DHS Global Entry facial recognition program to expand nationwide
The Department of Homeland Security has issued a privacy impact assessment related to biometric facial recognition technology it first rolled out for the Global Entry program in June 2018. The technology is currently used in 15 domestic and overseas airports.
Global Entry is the federal government’s optional expedited security-processing program for travelers arriving in the United States deemed to be low security risks. Global Entry is operated by Customs and Border Protection, a subset of the homeland security department.
The PIA outlines how CBP will expand the facial recognition program to airports nationwide.
Prior to 2018, Global Entry participants were able to present machine-readable passports or residency cards at special airport kiosks, have their fingerprints scanned and complete their customs declaration, thus bypassing long lines before getting to baggage claim. The kiosks took simple photos of travelers, too.

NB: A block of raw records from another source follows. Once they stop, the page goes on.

lemma pointwise_closure_of_eqI:
  assumes H: "H \<subseteq> topspace (pointwise_topology X)" and "S \<subseteq> H"
    and interpolate:
      "\<And>f F. \<lbrakk>f \<in> H; finite F; F \<subseteq> topspace X\<rbrakk> \<Longrightarrow> \<exists>g\<in>S. \<forall>x\<in>F. g x = f x"
  shows "subtopology (pointwise_topology X) H closure_of S = H"
proof
  show "subtopology (pointwise_topology X) H closure_of S \<subseteq> H"
    using closure_of_subset_topspace H by fastforce
next
  show "H \<subseteq> subtopology (pointwise_topology X) H closure_of S"
  proof
    fix f assume f: "f \<in> H"
    show "f \<in> subtopology (pointwise_topology X) H closure_of S"
      unfolding in_closure_of
    proof (intro conjI allI impI)
      show "f \<in> topspace (subtopology (pointwise_topology X) H)"
        using f H by auto
      fix T assume "f \<in> T \<and> openin (subtopology (pointwise_topology X) H) T"
      then obtain U where U: "openin (pointwise_topology X) U" "T = U \<inter> H" "f \<in> U"
        by (auto simp: openin_subtopology)
      then obtain V where V: "finite {x \<in> topspace X. V x \<noteq> topspace X}"
        "f \<in> Pi\<^sub>E (topspace X) V" "Pi\<^sub>E (topspace X) V \<subseteq> U"
        unfolding pointwise_topology_def openin_product_topology_alt by blast
      obtain g where g: "g \<in> S" "\<forall>x \<in> {x \<in> topspace X. V x \<noteq> topspace X}. g x = f x"
        using interpolate[OF f V(1)] by auto
      have "g \<in> topspace (pointwise_topology X)"
        using g(1) assms(1,2) by auto
      then have "g \<in> Pi\<^sub>E (topspace X) V"
        using g(2) V(2) by (auto simp: pointwise_topology_def topspace_product_topology PiE_iff)
      then show "\<exists>g. g \<in> S \<and> g \<in> T"
        using g(1) assms(2) U(2) V(3) by blast
    qed
  qed
qed

lemma fully_transitive_homeo_agrees_and_fixes:
  assumes trans: "fully_transitive X" and f: "f \<in> carrier (homeo_group X)"
    and xs: "distinct xs" "set xs \<subseteq> topspace X"
    and zs: "distinct zs" "set zs \<subseteq> topspace X" "set zs \<inter> (set xs \<union> f ` set xs) = {}"
  obtains a where "a \<in> carrier (homeo_group X)"
    "\<forall>x\<in>set xs. a x = f x" "\<forall>z\<in>set zs. a z = z"
proof -
  have f_xs: "distinct (map f xs)" "set (map f xs) \<subseteq> topspace X"
    using xs homeo_group_carrier_imp_inj_on[OF f] homeo_group_carrier_imp_image[OF f]
    by (auto simp: distinct_map inj_on_subset)
  have "list_all2 (similar_pts X) xs (map f xs)"
    unfolding list_all2_map2 using f xs
    by (intro list.rel_refl_strong) (auto simp: homeo_group_carrier_iff similar_pts_homeomorphic_map)
  moreover have "list_all2 (similar_pts X) zs zs"
    using zs by (intro list.rel_refl_strong similar_pts_refl) auto
  ultimately have "list_all2 (similar_pts X) (xs @ zs) (map f xs @ zs)"
    by (rule list_all2_appendI)
  moreover have "distinct (xs @ zs)" "distinct (map f xs @ zs)"
    using xs zs f_xs by auto
  moreover have "set (xs @ zs) \<subseteq> topspace X" "set (map f xs @ zs) \<subseteq> topspace X"
    using xs zs f_xs by auto
  ultimately obtain a where a: "a \<in> carrier (homeo_group X)" "map a (xs @ zs) = map f xs @ zs"
    by (rule fully_transitiveE[OF trans])
  then have "map a xs = map f xs" "map a zs = map id zs"
    by simp_all
  then show ?thesis
    using that a(1) unfolding map_eq_conv by simp
qed

lemma derived_homeo_group_interpolates:
  assumes trans: "fully_transitive X"
    and infinite_classes: "\<forall>x\<in>topspace X. infinite {y \<in> topspace X. similar_pts X x y}"
    and f: "f \<in> carrier (homeo_group X)" and F: "finite F" "F \<subseteq> topspace X"
  shows "\<exists>g\<in>derived (homeo_group X) (carrier (homeo_group X)). \<forall>x\<in>F. g x = f x"
proof -
  let ?G = "homeo_group X"
  obtain xs where xs: "set xs = F" "distinct xs"
    using F(1) finite_distinct_list by blast
  obtain zs where zs: "list_all2 (similar_pts X) xs zs" "distinct zs" "set zs \<subseteq> topspace X"
    "set zs \<inter> (F \<union> f ` F) = {}"
    using exists_similar_list_avoiding[OF infinite_classes, of "F \<union> f ` F" xs] F xs by auto
  obtain a where a: "a \<in> carrier ?G" "\<forall>x\<in>F. a x = f x" "\<forall>z\<in>set zs. a z = z"
    using fully_transitive_homeo_agrees_and_fixes[OF trans f xs(2) _ zs(2,3)] xs(1) zs(4) F(2)
    by blast
  have "list_all2 (similar_pts X) zs xs"
    using zs(1) by (metis list.rel_flip list_all2_mono conversep_iff similar_pts_sym)
  moreover have "set xs \<subseteq> topspace X"
    using xs(1) F(2) by simp
  ultimately obtain t where t: "t \<in> carrier ?G" "map t zs = xs"
    using fully_transitiveE[OF trans _ zs(2) xs(2) zs(3)] by blast
  let ?c = "a \<otimes>\<^bsub>?G\<^esub> t \<otimes>\<^bsub>?G\<^esub> inv\<^bsub>?G\<^esub> a \<otimes>\<^bsub>?G\<^esub> inv\<^bsub>?G\<^esub> t"
  have "?c \<in> derived_set ?G (carrier ?G)"
    using a(1) t(1) by blast
  then have "?c \<in> derived ?G (carrier ?G)"
    unfolding derived_def by (rule generate.incl)
  moreover have "?c x = f x" if "x \<in> F" for x
  proof -
    have "x \<in> t ` set zs"
      using that xs(1) t(2) by (metis list.set_map)
    then obtain z where "z \<in> set zs" "t z = x"
      by blast
    then show ?thesis
      using homeo_commutator_apply[OF a(1) t(1)] a(2,3) zs(3) that by auto
  qed
  ultimately show ?thesis by blast
qed

theorem proposition17:
  fixes X :: "'a topology"
  assumes "scattered_space X"
    and "fully_transitive X"
    and "\<forall>x\<in>topspace X. infinite {y \<in> topspace X. similar_pts X x y}"
  shows "topologically_perfect_homeo X"
  unfolding topologically_perfect_homeo_def
proof (rule pointwise_closure_of_eqI)
  show "carrier (homeo_group X) \<subseteq> topspace (pointwise_topology X)"
    by (rule homeo_group_carrier_subset_pointwise)
  show "derived (homeo_group X) (carrier (homeo_group X)) \<subseteq> carrier (homeo_group X)"
    by (rule group.derived_in_carrier[OF group_homeo_group]) simp
qed (use derived_homeo_group_interpolates[OF assms(2,3)] in blast)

Program kiosks now will use biometric facial recognition technology, eliminating the need to submit fingerprints, a passport/residency card or customs documents. Biometric data will be stored in the Department of Homeland Security’s automated biometric identification system, which holds all previous biometric information collected at the kiosks.
While the government’s privacy impact assessment acknowledges that the new information might be stolen or misused, DHS says that it mitigates this risk by owning all of the relevant equipment, not vendors, and that no outside parties have access to data on a kiosk.

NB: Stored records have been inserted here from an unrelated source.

lemma weak_L1_conv_mult_tendsto:
  fixes P Q :: real
  assumes w: "weak_L1_conv p p0"
    and p: "\<And>k. p k \<in> borel_measurable I01" "\<And>k x. x \<in> {0..1} \<Longrightarrow> \<bar>p k x\<bar> \<le> P"
    and q: "\<And>k. q k \<in> borel_measurable I01" "\<And>k x. x \<in> {0..1} \<Longrightarrow> \<bar>q k x\<bar> \<le> Q"
    and q0: "q0 \<in> borel_measurable I01" "\<And>x. x \<in> {0..1} \<Longrightarrow> \<bar>q0 x\<bar> \<le> Q"
    and lim: "\<And>x. x \<in> {0..1} \<Longrightarrow> (\<lambda>k. q k x) \<longlonglongrightarrow> q0 x"
  shows "(\<lambda>k. \<integral>x. p k x * q k x \<partial>I01) \<longlonglongrightarrow> (\<integral>x. p0 x * q0 x \<partial>I01)"
proof -
  note [measurable] = p(1) q(1) q0(1)
  have weak: "(\<lambda>k. \<integral>x. p k x * q0 x \<partial>I01) \<longlonglongrightarrow> (\<integral>x. p0 x * q0 x \<partial>I01)"
    using w q0 unfolding weak_L1_conv_def by blast
  have bound: "\<bar>p k x * (q k x - q0 x)\<bar> \<le> P * (2 * Q)" if x: "x \<in> {0..1}" for k x
  proof (rule bounded_mult_bounded)
    show "\<bar>p k x\<bar> \<le> P" using p(2)[OF x] .
    show "\<bar>q k x - q0 x\<bar> \<le> 2 * Q" using q(2)[OF x, of k] q0(2)[OF x] by linarith
  qed
  have strong: "(\<lambda>k. \<integral>x. p k x * (q k x - q0 x) \<partial>I01) \<longlonglongrightarrow> (\<integral>x. 0 \<partial>I01)"
  proof (rule integral_dominated_convergence[where w="\<lambda>_. P * (2 * Q)"])
    show "(\<lambda>x. p k x * (q k x - q0 x)) \<in> borel_measurable I01" for k
      by measurable
    show "AE x in I01. norm (p k x * (q k x - q0 x)) \<le> P * (2 * Q)" for k
      using bound by (intro AE_I2) simp
    show "AE x in I01. (\<lambda>k. p k x * (q k x - q0 x)) \<longlonglongrightarrow> 0"
    proof (rule AE_I2)
      fix x assume "x \<in> space I01"
      then have x: "x \<in> {0..1}" by simp
      have "(\<lambda>k. q k x - q0 x) \<longlonglongrightarrow> 0"
        using lim[OF x] by (simp add: LIM_zero)
      then show "(\<lambda>k. p k x * (q k x - q0 x)) \<longlonglongrightarrow> 0"
      proof (rule tendsto_0_le[where K=P], intro always_eventually allI)
        fix k
        show "norm (p k x * (q k x - q0 x)) \<le> norm (q k x - q0 x) * P"
          using p(2)[OF x, of k] by (simp add: abs_mult mult.commute[of "\<bar>p k x\<bar>"] mult_left_mono)
      qed
    qed
    show "integrable I01 (\<lambda>_. P * (2 * Q))"
      by (rule finite_measure.integrable_const[OF finite_measure_I01])
    show "(\<lambda>x. 0::real) \<in> borel_measurable I01"
      by simp
  qed
  have split: "(\<integral>x. p k x * q k x \<partial>I01)
      = (\<integral>x. p k x * q0 x \<partial>I01) + (\<integral>x. p k x * (q k x - q0 x) \<partial>I01)" for k
  proof -
    have "integrable I01 (\<lambda>x. p k x * q0 x)"
      using p(2) q0(2) by (intro integrable_I01_bounded[where M="P * Q"] ballI bounded_mult_bounded) measurable
    moreover have "integrable I01 (\<lambda>x. p k x * (q k x - q0 x))"
      using bound by (intro integrable_I01_bounded[where M="P * (2 * Q)"] ballI) measurable
    ultimately have "(\<integral>x. p k x * q0 x + p k x * (q k x - q0 x) \<partial>I01)
        = (\<integral>x. p k x * q0 x \<partial>I01) + (\<integral>x. p k x * (q k x - q0 x) \<partial>I01)"
      by (rule Bochner_Integration.integral_add)
    then show ?thesis
      by (simp add: right_diff_distrib)
  qed
  show ?thesis
    using tendsto_add[OF weak strong] by (simp only: split integral_zero add_0_right)
qed


subsection \<open>Tail integrals\<close>

lemma borel_measurable_indicator_I01: "(indicator {x..1} :: real \<Rightarrow> real) \<in> borel_measurable I01"
  by (rule borel_measurable_I01_borel, rule borel_measurable_indicator) simp

lemma integrable_tail_integrand:
  assumes "unit_valued f"
  shows "integrable I01 (\<lambda>z. indicator {x..1} z * f z)"
proof (rule integrable_I01_bounded[where M=1])
  show "(\<lambda>z. indicator {x..1} z * f z) \<in> borel_measurable I01"
    using assms borel_measurable_indicator_I01 unfolding unit_valued_def
    by (intro borel_measurable_times) auto
  show "\<forall>z\<in>{0..1}. \<bar>indicator {x..1} z * f z\<bar> \<le> 1"
    using assms unfolding unit_valued_def by (auto simp: indicator_def)
qed

lemma tail_integral_le:
  assumes "unit_valued f" "\<And>z. z \<in> {0..1} \<Longrightarrow> indicator {y..1} z \<le> (g z :: real)"
    and "integrable I01 (\<lambda>z. g z * f z)"
  shows "tail_integral f y \<le> (\<integral>z. g z * f z \<partial>I01)"
  unfolding tail_integral_def
proof (rule integral_mono[OF integrable_tail_integrand[OF assms(1)] assms(3)])
  fix z assume "z \<in> space I01"
  then show "indicator {y..1} z * f z \<le> g z * f z"
    using assms(1,2) unfolding unit_valued_def by (auto intro: mult_right_mono)
qed

lemma tail_integral_antimono:
  assumes "unit_valued f" "x \<le> y"
  shows "tail_integral f y \<le> tail_integral f x"
  unfolding tail_integral_def[of f x]
  using assms by (intro tail_integral_le integrable_tail_integrand) (auto simp: indicator_def)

It is not clear if outside parties have access to the facial biometrics data that presumably are transmitted on government networks and stored in backups elsewhere in the government’s information technology systems.
The assessment also states that privacy notices will be posted on new kiosk home screens explaining why data is being collected as well as how it will be used, shared and destroyed. The image data will be deleted three years after a participant abandons their membership or three years after their five-year Global Entry membership expires without being renewed.

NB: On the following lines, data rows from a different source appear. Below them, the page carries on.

(* Let $\mathcal{X}$ be a finite set of actions, $\mathcal{Y}$ a finite set of responses, $\mathcal{H}\subseteq\mathcal{Y}^{\mathcal{X}}$, $\mathrm{cost}:\mathcal{X}\times\mathcal{Y}\to\mathbb{R}_+$. Let $f:2^{\mathcal{X}\times\mathcal{Y}}\to\mathbb{R}_+$ and $Q>0$, and suppose $f$ is submodular and $f(\emptyset)=0$. If $\mathrm{OPT}<\phi_{\min}$, then $\max_{x\in\mathcal{X}}u^f(x,\emptyset)\ge Q/\mathrm{OPT}$.
   Context: The true state is an unknown $h^*\in\mathcal{H}$. An interactive algorithm, given the observed set $S$ of action-response pairs, either selects an action $x$ (observing $(x,h^*(x))$) or terminates; $S^h[\mathcal{A}]$ is the set collected until termination when $h^*=h$; $\mathrm{cost}(\mathcal{A})=\max_{h\in\mathcal{H}}\sum_{(x,y)\in S^h[\mathcal{A}]}\mathrm{cost}(x,y)$; $\mathrm{OPT}$ is the minimum of $\mathrm{cost}(\mathcal{A})$ over interactive algorithms with $f(S^h[\mathcal{A}])\ge Q$ for all $h\in\mathcal{H}$. Version space $V(S)=\{h\in\mathcal{H}\mid\forall(x,y)\in S,\ y=h(x)\}$; $\delta_g(z\mid A)=g(A\cup\{z\})-g(A)$; $u^f(x,S)=\min_{h\in V(S)}\frac{\delta_{\min(f,Q)}((x,h(x))\mid S)}{\mathrm{cost}(x,h(x))}$. $\phi(x)$ is the second-smallest value of the multiset $\{\mathrm{cost}(x,y)\mid y\in\mathcal{Y}\}$ and $\phi_{\min}=\min_{x\in\mathcal{X}}\phi(x)$. *)

theory Defs
  imports Complex_Main "HOL-Library.FuncSet" "HOL-Library.Multiset" "HOL-Library.Extended_Real"
begin

text \<open>Observed sets S are sets of action-response pairs. An interactive algorithm is
  a function mapping the observed set to either an action (Some x) or termination (None).\<close>

type_synonym ('x, 'y) alg = "('x \<times> 'y) set \<Rightarrow> 'x option"

definition valid_alg :: "'x set \<Rightarrow> ('x, 'y) alg \<Rightarrow> bool" where
  "valid_alg X A \<longleftrightarrow> (\<forall>S x. A S = Some x \<longrightarrow> x \<in> X)"

primrec run :: "('x, 'y) alg \<Rightarrow> ('x \<Rightarrow> 'y) \<Rightarrow> nat \<Rightarrow> ('x \<times> 'y) set" where
  "run A h 0 = {}"
| "run A h (Suc n) = (case A (run A h n) of None \<Rightarrow> run A h n
                        | Some x \<Rightarrow> insert (x, h x) (run A h n))"

definition terminates :: "('x, 'y) alg \<Rightarrow> ('x \<Rightarrow> 'y) \<Rightarrow> bool" where
  "terminates A h \<longleftrightarrow> (\<exists>n. A (run A h n) = None)"

definition collected :: "('x, 'y) alg \<Rightarrow> ('x \<Rightarrow> 'y) \<Rightarrow> ('x \<times> 'y) set" where
  "collected A h = run A h (LEAST n. A (run A h n) = None)"

definition alg_cost :: "('x \<Rightarrow> 'y) set \<Rightarrow> ('x \<Rightarrow> 'y \<Rightarrow> real) \<Rightarrow> ('x, 'y) alg \<Rightarrow> real" where
  "alg_cost H cost A = Max ((\<lambda>h. \<Sum>(x,y)\<in>collected A h. cost x y) ` H)"

definition feasible ::
  "'x set \<Rightarrow> ('x \<Rightarrow> 'y) set \<Rightarrow> (('x \<times> 'y) set \<Rightarrow> real) \<Rightarrow> real \<Rightarrow> ('x, 'y) alg \<Rightarrow> bool" where
  "feasible X H f Q A \<longleftrightarrow> valid_alg X A \<and>
     (\<forall>h\<in>H. terminates A h \<and> f (collected A h) \<ge> Q)"

text \<open>OPT as an extended real (= \<infinity> if no feasible algorithm exists).\<close>
definition OPT ::
  "'x set \<Rightarrow> ('x \<Rightarrow> 'y) set \<Rightarrow> ('x \<Rightarrow> 'y \<Rightarrow> real) \<Rightarrow> (('x \<times> 'y) set \<Rightarrow> real) \<Rightarrow> real \<Rightarrow> ereal" where
  "OPT X H cost f Q = (INF A \<in> {A. feasible X H f Q A}. ereal (alg_cost H cost A))"

definition version_space :: "('x \<Rightarrow> 'y) set \<Rightarrow> ('x \<times> 'y) set \<Rightarrow> ('x \<Rightarrow> 'y) set" where
  "version_space H S = {h \<in> H. \<forall>(x,y)\<in>S. y = h x}"
lemma greedy_step_map_upds:
  assumes step: "greedy_step J p m pc B \<sigma> \<sigma>'"
    and parent: "\<And>u. pc = Some u \<Longrightarrow> u \<in> B"
    and fresh: "\<And>x. x \<in> B \<Longrightarrow> \<sigma> x \<noteq> None \<Longrightarrow> pc = Some x"
  obtains xs ys e where "\<sigma>' = \<sigma>(xs [\<mapsto>] ys)" "set xs \<subseteq> B" "distinct xs" "distinct ys"
    "length xs = length ys" "sorted_wrt (\<lambda>a b. p b \<le> p a) xs"
    "sorted_wrt (\<lambda>a b. load J p \<sigma> a \<le> load J p \<sigma> b) ys"
    "\<And>x. x \<in> set xs \<Longrightarrow> \<sigma> x = None"
    "\<And>t x. t < m \<Longrightarrow> t \<notin> set ys \<Longrightarrow> t \<noteq> e \<Longrightarrow> x \<in> set ys \<Longrightarrow> load J p \<sigma> x \<le> load J p \<sigma> t"
proof -
  let ?ld = "load J p \<sigma>"
  obtain LJ LM where LJ: "distinct LJ" "set LJ = B" "sorted_wrt (\<lambda>a b. p b \<le> p a) LJ"
    and LM: "distinct LM" "length LM = card B" "sorted_wrt (\<lambda>a b. ?ld a \<le> ?ld b) LM"
    and lightest: "\<And>a b. a \<in> set LM \<Longrightarrow> b < m \<Longrightarrow> b \<notin> set LM \<Longrightarrow> ?ld a \<le> ?ld b"
    and upd: "case pc of
         Some u \<Rightarrow> (case \<sigma> u of
             Some M' \<Rightarrow> \<sigma>' = \<sigma>(remove1 u LJ [\<mapsto>] (if M' \<in> set LM then remove1 M' LM else butlast LM))
           | None \<Rightarrow> \<sigma>' = \<sigma>(LJ [\<mapsto>] LM))
       | None \<Rightarrow> \<sigma>' = \<sigma>(LJ [\<mapsto>] LM)"
    using step unfolding greedy_step_def by blast
  have "length LJ = length LM" using LJ LM distinct_card by fastforce
  show ?thesis
  proof (cases "\<exists>u M'. pc = Some u \<and> \<sigma> u = Some M'")
    case False
    then have "\<sigma>' = \<sigma>(LJ [\<mapsto>] LM)" using upd by (auto split: option.splits)
    moreover have "\<sigma> x = None" if "x \<in> set LJ" for x
      using fresh[of x] False that LJ(2) by fastforce
    ultimately show ?thesis
      using that[of LJ LM 0] LJ LM lightest \<open>length LJ = length LM\<close> by blast
  next
    case True
    then obtain u M' where u: "pc = Some u" "\<sigma> u = Some M'" by blast
    then have "u \<in> set LJ" using parent LJ(2) by blast
    then have "LM \<noteq> []" using \<open>length LJ = length LM\<close> by auto
    define xs where "xs = remove1 u LJ"
    define ys where "ys = (if M' \<in> set LM then remove1 M' LM else butlast LM)"
    have "\<sigma>' = \<sigma>(xs [\<mapsto>] ys)" using upd u unfolding xs_def ys_def by simp
    moreover have "set xs = B - {u}" using LJ unfolding xs_def by simp
    moreover have "length xs = length ys"
      using \<open>u \<in> set LJ\<close> \<open>length LJ = length LM\<close> unfolding xs_def ys_def by (simp add: length_remove1)
    moreover have "sorted_wrt (\<lambda>a b. ?ld a \<le> ?ld b) ys"
      using LM unfolding ys_def by (simp add: sorted_wrt_remove1 sorted_wrt_butlast)
    moreover have "?ld x \<le> ?ld t"
      if "t < m" "t \<notin> set ys" "t \<noteq> M'" "x \<in> set ys" for t x
    proof (cases "t \<in> set LM")
      case False
      have "set ys \<subseteq> set LM"
        unfolding ys_def by (auto dest: in_set_butlastD set_remove1_subset[THEN subsetD])
      then show ?thesis using lightest that False by blast
    next
      case True
      then have "M' \<notin> set LM" "t = last LM"
        using that LM(1) last_notin_butlast_imp_eq[of t LM] unfolding ys_def by (auto split: if_splits)
      moreover have "sorted_wrt (\<lambda>a b. ?ld a \<le> ?ld b) (butlast LM @ [last LM])"
        using LM(3) \<open>LM \<noteq> []\<close> by simp
      ultimately show ?thesis using that(4) unfolding ys_def sorted_wrt_append by simp
    qed
    moreover have "distinct ys" using LM(1) unfolding ys_def by (simp add: distinct_butlast)
    moreover have "\<sigma> x = None" if "x \<in> set xs" for x
      using fresh[of x] that \<open>set xs = B - {u}\<close> u by auto
    ultimately show ?thesis
      using that[of xs ys M'] LJ unfolding xs_def by (simp add: sorted_wrt_remove1)
  qed
qed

Because the government does not consider facial recognition new data collection, previous data-sharing rules pertaining to photos and prints still apply. The assessment notes that metadata is not shared outside of Customs and Border Protection without discussing vendor access for work done within the agency.
Participants in Global Entry themselves can ask for information related to their records by filing a Freedom of Information Act request. Not all requests will be honored, however, as some people could learn through the disclosure that they are part of a criminal investigation. Also requests to correct erroneous information in a member’s account could be rejected in order to not disturb ongoing investigations and law-enforcement actions.